## [Instructions to follow]
Would you please return the lines of the entries below starting at the line that has "x0 \<sigma> 0" and ending at the line that has "x \<longleftrightarrow> (\<forall>i", both included, exactly as they are?

________________________________________

text \<open>Node set V = UNIV of a finite type 'n; influence matrix W :: 'n => 'n => real;
  opinion vectors x :: real^'n.\<close>

definition row_stochastic :: "('n::finite \<Rightarrow> 'n \<Rightarrow> real) \<Rightarrow> bool" where
  "row_stochastic W \<longleftrightarrow> (\<forall>i j. W i j \<ge> 0) \<and> (\<forall>i. (\<Sum>j\<in>UNIV. W i j) = 1)"

definition cohesive :: "('n::finite \<Rightarrow> 'n \<Rightarrow> real) \<Rightarrow> 'n set \<Rightarrow> bool" where
  "cohesive W M \<longleftrightarrow> (\<forall>i\<in>M. (\<Sum>j\<in>M. W i j) \<ge> 1/2)"

definition maximal_cohesive :: "('n::finite \<Rightarrow> 'n \<Rightarrow> real) \<Rightarrow> 'n set \<Rightarrow> bool" where
  "maximal_cohesive W M \<longleftrightarrow> cohesive W M \<and> \<not> (\<exists>i\<in>UNIV - M. (\<Sum>j\<in>M. W i j) > 1/2)"

definition is_wmedian :: "('n::finite \<Rightarrow> 'n \<Rightarrow> real) \<Rightarrow> 'n \<Rightarrow> real^'n \<Rightarrow> real \<Rightarrow> bool" where
  "is_wmedian W i x y \<longleftrightarrow> y \<in> range (\<lambda>j. x $ j) \<and>
     (\<Sum>j\<in>{j. x $ j < y}. W i j) \<le> 1/2 \<and> (\<Sum>j\<in>{j. x $ j > y}. W i j) \<le> 1/2"

text \<open>Med_i(x;W): the weighted median closest to x_i (this is the unique weighted
  median when it is unique).\<close>
definition Med :: "('n::finite \<Rightarrow> 'n \<Rightarrow> real) \<Rightarrow> 'n \<Rightarrow> real^'n \<Rightarrow> real" where
  "Med W i x = (THE y. is_wmedian W i x y \<and>
      (\<forall>z. is_wmedian W i x z \<longrightarrow> \<bar>y - x $ i\<bar> \<le> \<bar>z - x $ i\<bar>))"

primrec wm_traj :: "('n::finite \<Rightarrow> 'n \<Rightarrow> real) \<Rightarrow> real^'n \<Rightarrow> (nat \<Rightarrow> 'n) \<Rightarrow> nat \<Rightarrow> real^'n" where
  "wm_traj W x0 \<sigma> 0 = x0"
| "wm_traj W x0 \<sigma> (Suc t) =
     (let x = wm_traj W x0 \<sigma> t in (\<chi> k. if k = \<sigma> t then Med W (\<sigma> t) x else x $ k))"

definition consensus :: "real^'n \<Rightarrow> bool" where
  "consensus x \<longleftrightarrow> (\<forall>i j. x $ i = x $ j)"
(* Let $G=(V,E)$ be an undirected graph, $\vec{x}\in\mathbb{R}^n$ non-negative with $\|\vec{x}\|_1=1$, and $\delta\in(0,1)$. Consider any of the following choices of $(a,b,(w_i))$: (i) PageRank/Personalized PageRank: $a=0,b=1$, $w_i=\alpha(1-\alpha)^i$ with constant $\alpha\in(0,1)$; (ii) heat kernel PageRank: $a=0,b=1$, $w_i=e^{-t}t^i/i!$ with constant $t>0$; (iii) $k$-hop transition probability: $a=0,b=1$, $w_k=1$ and $w_i=0$ for $i\neq k$; (iv) Katz: $a=b=0$, $w_i=\beta^i$ with constant $0<\beta<1/\lambda_1$, where $\lambda_1$ is the largest eigenvalue of $\mathbf{A}$. Let $\mathbf{P}=\mathbf{D}^{-a}\mathbf{A}\mathbf{D}^{-b}$, $\vec{\pi}=\sum_{i=0}^\infty w_i\mathbf{P}^i\vec{x}$ and $\vec{\pi}_L=\sum_{i=0}^L w_i\mathbf{P}^i\vec{x}$. Then (without any further assumption on the weights) there is an integer $L$, with $L=O(\log(1/\delta))$ in cases (i), (ii), (iv) and any $L\ge k$ in case (iii), such that $\left\|\sum_{i=L+1}^\infty w_i\mathbf{P}^i\vec{x}\right\|_2\le\delta/19$, and consequently: if $\hat{\vec{\pi}}\in\mathbb{R}^n$ satisfies $|\vec{\pi}_L(v)-\hat{\vec{\pi}}(v)|\le\frac{1}{20}\vec{\pi}_L(v)$ for every $v$ with $\vec{\pi}_L(v)>\frac{18}{19}\delta$, then $|\vec{\pi}(v)-\hat{\vec{\pi}}(v)|\le\frac{1}{10}\vec{\pi}(v)$ for every $v$ with $\vec{\pi}(v)\ge\delta$.
   Context: $G=(V,E)$ has $n$ nodes; $\mathbf{A}$ is its adjacency matrix and $\mathbf{D}$ the diagonal degree matrix with $\mathbf{D}(i,i)=\sum_j\mathbf{A}(i,j)$; $\mathbf{D}^{0}$ is the identity. *)

theory Defs
  imports "HOL-Analysis.Analysis"
begin

text \<open>Vectors in R^n are functions nat => real, only indices < n matter;
  n x n matrices are functions nat => nat => real, only indices < n matter.\<close>

definition undirected_graph :: "nat \<Rightarrow> (nat \<Rightarrow> nat \<Rightarrow> real) \<Rightarrow> bool" where
  "undirected_graph n A \<longleftrightarrow>
     (\<forall>i<n. \<forall>j<n. (A i j = 0 \<or> A i j = 1) \<and> A i j = A j i) \<and> (\<forall>i<n. A i i = 0)"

________________________________________

## [Exercise response]
  "wm_traj W x0 \<sigma> 0 = x0"
| "wm_traj W x0 \<sigma> (Suc t) =
     (let x = wm_traj W x0 \<sigma> t in (\<chi> k. if k = \<sigma> t then Med W (\<sigma> t) x else x $ k))"

definition consensus :: "real^'n \<Rightarrow> bool" where
  "consensus x \<longleftrightarrow> (\<forall>i j. x $ i = x $ j)"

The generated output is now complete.